As land is gobbled up by the corporate/government alliances of the West less land will be available for the production of food for local consumption. This means the poor in Africa are getting shafted by Western politicians twice. First, the entire subsidy program on biofuels has forced up food prices dramatically. The World Bank says this subsidy program “to save the planet” is responsible for 75% of the increase in food costs in recent years. So the subsidies are forcing up food prices everywhere, including Africa. Secondly, the subsidies are being used to steal land from peasant farmers in Africa thus depriving them of their ability to feed themselves.

So the poor in Africa get hit first with higher food prices on the world market and then they get hit again as their own farming land is stolen to be given to wealthy, politically-connected Western corporations.

Please note that Left-wing parties are supportive of these programs. Once again the Left-wing agenda is easily subverted to serve the bottom line of corporate interests. The Left just never learns that state power is rarely used for the poor but almost always ends up in the hands of the rich and powerful. The expansion of state powers is precisely what corporations need -- not laissez faire markets.

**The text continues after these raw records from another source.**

lemma detour_neq_hub:
  assumes "j < k"
  shows "detour k i j \<noteq> hub k t"
proof
  assume "detour k i j = hub k t"
  then have "hub k i < hub k t" "hub k t < hub k (Suc i)"
    using hub_less_detour[of k i j] detour_less_hub_Suc[OF assms, of i] by simp_all
  then show False
    by simp
qed

lemma gadget_colour_direct: "gadget_colour k (hub k i, hub k (Suc i)) = 2*k + hub k i"
  by (simp add: gadget_colour_def hub_def)

lemma gadget_colour_detour_in: "j < k \<Longrightarrow> gadget_colour k (hub k i, detour k i j) = j"
  by (simp add: gadget_colour_def hub_def detour_def del: mult_Suc)

lemma gadget_colour_detour_out:
  assumes "j < k"
  shows "gadget_colour k (detour k i j, hub k (Suc i)) = k + j"
proof -
  have "(Suc k * i + 1 + j) mod Suc k = Suc j"
    using assms
    by (metis Suc_less_eq add.commute add_Suc_right mod_less mod_mult_self2 plus_1_eq_Suc mult.commute)
  then show ?thesis
    using assms by (simp add: gadget_colour_def hub_def detour_def)
qed

lemma gadget_arcs_direct: "i < 2*k+1 \<Longrightarrow> (hub k i, hub k (Suc i)) \<in> gadget_arcs k"
  unfolding gadget_arcs_def by blast

lemma gadget_arcs_detour_in: "i < 2*k+1 \<Longrightarrow> j < k \<Longrightarrow> (hub k i, detour k i j) \<in> gadget_arcs k"
  unfolding gadget_arcs_def by blast

lemma gadget_arcs_detour_out:
  "i < 2*k+1 \<Longrightarrow> j < k \<Longrightarrow> (detour k i j, hub k (Suc i)) \<in> gadget_arcs k"
  unfolding gadget_arcs_def by blast
(* Let $T$ be a finite rooted tree in which every inner node has at least two children, with node set $V$ and leaf set $L$. There exists a family of four bi-colourings $(A_1,B_1),\dots,(A_4,B_4)$ of $L$ identifying $T$.
   Context: A bi-colouring is a pair $(A,B)$ of disjoint subsets of $L$ of equal cardinality. A pair $(\pi,\sigma)$ of injective maps from $S\subseteq V\setminus L$ to $L$ identifies $S$ if for each $s\in S$, $s$ is the least common ancestor of $\pi(s)$ and $\sigma(s)$ (every node is its own ancestor); for $s\in S$ a node $x$ is $s$-requested if it lies on the path from $\pi(s)$ to $\sigma(s)$; the pair has unique request if every node is $s$-requested for at most one $s\in S$. A bi-colouring $(A,B)$ identifies $S$ if some pair $(\pi,\sigma)$ identifying $S$ with unique request has $\pi(S)=A$, $\sigma(S)=B$. A family $(A_1,B_1),\dots,(A_n,B_n)$ of bi-colourings identifies $S$ if there is a partition $(S_1,\dots,S_n)$ of $S$ (parts possibly empty) with $(A_i,B_i)$ identifying $S_i$ for each $i$; it identifies $T$ if it identifies $V\setminus L$. The sets $A_i$, $A_j$, $B_j$ for $i\neq j$ need not be disjoint. *)

theory Defs
  imports Main
begin

text \<open>A finite rooted tree is represented by its finite node set V, its root r and a
parent function par (with par r = r), such that every node reaches the root by
iterating par.\<close>

definition rooted_tree :: "'a set \<Rightarrow> 'a \<Rightarrow> ('a \<Rightarrow> 'a) \<Rightarrow> bool" where
  "rooted_tree V r par \<longleftrightarrow> finite V \<and> r \<in> V \<and> par r = r \<and>
     (\<forall>v\<in>V. par v \<in> V) \<and> (\<forall>v\<in>V. \<exists>k. (par ^^ k) v = r)"

definition children :: "'a set \<Rightarrow> 'a \<Rightarrow> ('a \<Rightarrow> 'a) \<Rightarrow> 'a \<Rightarrow> 'a set" where
  "children V r par u = {v \<in> V. v \<noteq> r \<and> par v = u}"

definition leaves :: "'a set \<Rightarrow> 'a \<Rightarrow> ('a \<Rightarrow> 'a) \<Rightarrow> 'a set" where
  "leaves V r par = {v \<in> V. children V r par v = {}}"

definition anc :: "('a \<Rightarrow> 'a) \<Rightarrow> 'a \<Rightarrow> 'a \<Rightarrow> bool" where
  "anc par u v \<longleftrightarrow> (\<exists>k. (par ^^ k) v = u)"

definition is_lca :: "('a \<Rightarrow> 'a) \<Rightarrow> 'a \<Rightarrow> 'a \<Rightarrow> 'a \<Rightarrow> bool" where
  "is_lca par s x y \<longleftrightarrow> anc par s x \<and> anc par s y \<and>
     (\<forall>w. anc par w x \<and> anc par w y \<longrightarrow> anc par w s)"

text \<open>Nodes on the tree path between x and y: ancestors of x or y lying below
every common ancestor of x and y.\<close>
definition tpath :: "'a set \<Rightarrow> ('a \<Rightarrow> 'a) \<Rightarrow> 'a \<Rightarrow> 'a \<Rightarrow> 'a set" where
  "tpath V par x y = {z \<in> V. (anc par z x \<or> anc par z y) \<and>
     (\<forall>w. anc par w x \<and> anc par w y \<longrightarrow> anc par w z)}"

If the Left wanted to strip corporations of their ability to do harm, such as what is now being down in Africa, then they should cut the regulations, cut the subsidies and put the corporations in a competitive marketplace.

In a competitive marketplace these wealth “ethanol” corporations are unlikely to exist. They are politically created monsters and, while they hurt everyone, they harm the poorest, most vulnerable people the most. And they do so with the complicit assistance of the political Left. Historically the Left has to realize that by relying on state power to accomplish worthy goals they far too often end up stealing from the poor in order to give to the rich.